All limited companies are required to file a confirmation statement each year. In this blog, we will outline some of the consequences of failure to submit a confirmation statement. But first let’s recap the purpose of a confirmation statement.
Why do companies need to file a confirmation statement?
A confirmation statement is essentially a confirmation by company directors that the information held on a company by Companies House is accurate and up to date. All companies are required to file confirmation statements – including those which are not trading or are dormant.
Even if all the information is exactly the same, directors must file a confirmation statement at least once every 12 months. Each 12 month period is known as a review period. Failure to meet the submission deadline can result in a variety of problems for the company and its directors.
What happens if you do not file a confirmation statement?
Company directors have a legal duty to file confirmation statements under section 853A of the Companies Act 2006. Failure to do so can result in personal liability, fines, prosecutions, and even the company being struck off the register.
Failure to file a confirmation statement is dealt with by section 853L of the Companies Act 2006. Under this section, if a company fails to deliver a confirmation statement on time, an offence is committed by:
- the company,
- every director of the company (including shadow directors),
- in the case of a private company with a secretary or a public company, every secretary of the company, and
- every other officer of the company who is in default.
If a company does not file a confirmation statement, both the company and its officers may be subject to prosecution as a result of breaching the Companies Act 2006. Fines of up to £5,000 can be levied on each of the company officers. Directors can receive disqualification orders, precluding them from holding company officer posts for a certain number of years. The company can also be struck off the register.
Failure to file confirmation statements is a criminal offence and directors can be personally fined in the criminal courts. Any criminal proceedings for not filing confirmation statements are separate from – and in addition to – any late filing penalties issued by Companies House against the limited company.
Aside from the statutory penalties, failure to maintain the accuracy of company information held by the registrar of companies can affect the creditworthiness of a company.
Furthermore, any discoveries of incorrect information held on the public register during a due diligence exercise could lead to problems with securing investment or succeeding in planned takeovers or mergers.

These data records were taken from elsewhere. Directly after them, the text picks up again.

(* In the setting described in the context, let $(x_1,L_1),(x_2,L_2),(x_3,L_3)\in\mathcal E_\varphi$ with $x_1,x_2,x_3$ pairwise distinct and $L_1,L_2,L_3$ pairwise transverse. Then $\beta_n(L_1,L_2,L_3)=n\beta_1(x_1,x_2,x_3)$.
   Context: $V$ real symplectic of dimension $2n$, $\mathcal L(V)$ its Lagrangian Grassmannian, $\Gamma<\mathrm{PU}(1,1)$ a torsion-free cocompact lattice acting on $\mathbb S^1=\partial\mathcal D_{1,1}$, $\rho:\Gamma\to\mathrm{Sp}(V)$ a homomorphism, and $\varphi:\mathbb S^1\to\mathcal L(V)$ a $\rho$-equivariant measurable map such that (i) $\beta_n(\varphi(x),\varphi(y),\varphi(z))=n\beta_1(x,y,z)$ for Lebesgue-a.e. $(x,y,z)$, and (ii) for every $L\in\mathcal L(V)$ the set of $x$ with $\varphi(x)\cap L\neq0$ has Lebesgue measure zero. Here $\beta_n(L_1,L_2,L_3)$ is the signature of $(x_1,x_2,x_3)\mapsto\langle x_1,x_2\rangle+\langle x_2,x_3\rangle+\langle x_3,x_1\rangle$ on $L_1\oplus L_2\oplus L_3$, and $\beta_1(x,y,z)=\pm1$ for pairwise distinct positively/negatively cyclically ordered triples in $\mathbb S^1$, $0$ otherwise. The essential graph $\mathcal E_\varphi\subset\mathbb S^1\times\mathcal L(V)$ is the support of the pushforward of Lebesgue measure under $x\mapsto(x,\varphi(x))$. *)

theory Defs
  imports "HOL-Analysis.Analysis"
begin

type_synonym 'n sympl = "(real^'n) \<times> (real^'n)"

definition omega :: "'n::finite sympl \<Rightarrow> 'n sympl \<Rightarrow> real" where
  "omega u v = fst u \<bullet> snd v - snd u \<bullet> fst v"

definition lagrangians :: "'n::finite sympl set set" where
  "lagrangians = {L. subspace L \<and> dim L = CARD('n) \<and> (\<forall>u\<in>L. \<forall>v\<in>L. omega u v = 0)}"

definition transverse :: "'n::finite sympl set \<Rightarrow> 'n sympl set \<Rightarrow> bool" where
  "transverse L M \<longleftrightarrow> L \<inter> M = {0}"

text \<open>Gap (Hausdorff distance of unit balls) metric inducing the usual topology
  of the Grassmannian.\<close>
definition gdist :: "'n::finite sympl set \<Rightarrow> 'n sympl set \<Rightarrow> real" where
  "gdist L M = max (SUP u\<in>L \<inter> cball 0 1. infdist u M) (SUP v\<in>M \<inter> cball 0 1. infdist v L)"

definition pos_index :: "('a::euclidean_space \<Rightarrow> real) \<Rightarrow> 'a set \<Rightarrow> nat" where
  "pos_index Q W = Max {dim U | U. subspace U \<and> U \<subseteq> W \<and> (\<forall>u\<in>U. u \<noteq> 0 \<longrightarrow> Q u > 0)}"

definition signature :: "('a::euclidean_space \<Rightarrow> real) \<Rightarrow> 'a set \<Rightarrow> int" where
  "signature Q W = int (pos_index Q W) - int (pos_index (\<lambda>u. - Q u) W)"

definition beta_n :: "'n::finite sympl set \<Rightarrow> 'n sympl set \<Rightarrow> 'n sympl set \<Rightarrow> int" where
  "beta_n L1 L2 L3 =
     signature (\<lambda>(x1, x2, x3). omega x1 x2 + omega x2 x3 + omega x3 x1) (L1 \<times> L2 \<times> L3)"

definition circle :: "complex set" where
  "circle = {z. cmod z = 1}"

What happens if you file late?
If a company does not file a confirmation statement by the relevant deadline, it can still be filed late. There are no automatic financial penalties for failure to file a confirmation statement on time.
Companies House will generally issue an automatic warning if a filing deadline is missed. This will serve as an initial reminder and provide a chance for the company to meet its filing responsibilities without being penalised.
But if reminder notices are ignored, Companies House will eventually take legal action against the company and its officers. As discussed above, this can result in fines for company directors and the company being struck off the register, as well as director disqualification.
How can I make sure that I file on time?
Company directors need to ensure they file a confirmation statement at least once in every 12 month review period.
For new companies, this review period begins on the date of the company incorporation. For companies that have already submitted a confirmation statement, review periods begin on the date the last confirmation statement was submitted. Therefore, the deadline can vary if the confirmation statement is filed early.
The company must file a confirmation statement at least 14 days after the end of each relevant review period. Although it can be submitted earlier, filing a confirmation statement early will automatically trigger the next 12 month review period. Therefore, there is generally no obvious reason to file a confirmation statement early.
However, submitting a confirmation statement earlier in the review period can help to ensure it is submitted in good time. Preventing any rush can also reduce the likelihood of mistakes creeping in.
Another method of avoiding confirmation statements being missed or overlooked is to sign up for email reminders from Companies House. Once set up correctly, this service will send out an email notification reminder regarding the due date of a confirmation statement.
Aside from their duty to file a confirmation statement each year, company directors must also remember to pay the annual fee in respect of confirmation statements. This fee covers the filing of any confirmation statements submitted during a certain period of time, known as the payment period – distinct from the review period.
In respect of new companies, the payment period runs for 12 months from the company incorporation date. For older companies, the payment period is 12 months from the date of the last payment.
Please note: Companies can file confirmation statements multiple times during any specific payment period; there is no additional payment. The annual fee only needs to be paid the first time a company files a confirmation statement in each payment period.
What information do I need to include when I file a confirmation statement?
The first step is to check the details of your company currently held by Companies House, which can be viewed online. Ensure that any company details which are out of date are updated as appropriate. Some of these details can be updated using the confirmation statement, including:
- Principal business activities or standard industrial classification (SIC)
- Statement of capital
- Trading status of shares
- Exemption from keeping a register of people with significant control (PSC)
- Shareholder information
Other information may need to be updated using the Companies House WebFiling service, such as:
- Registered office address
- Single Alternative Inspection Location (SAIL)
- People with Significant Control (PSC)
- Company directors and secretary
Even if there are no changes to report, it is still necessary to file a confirmation statement.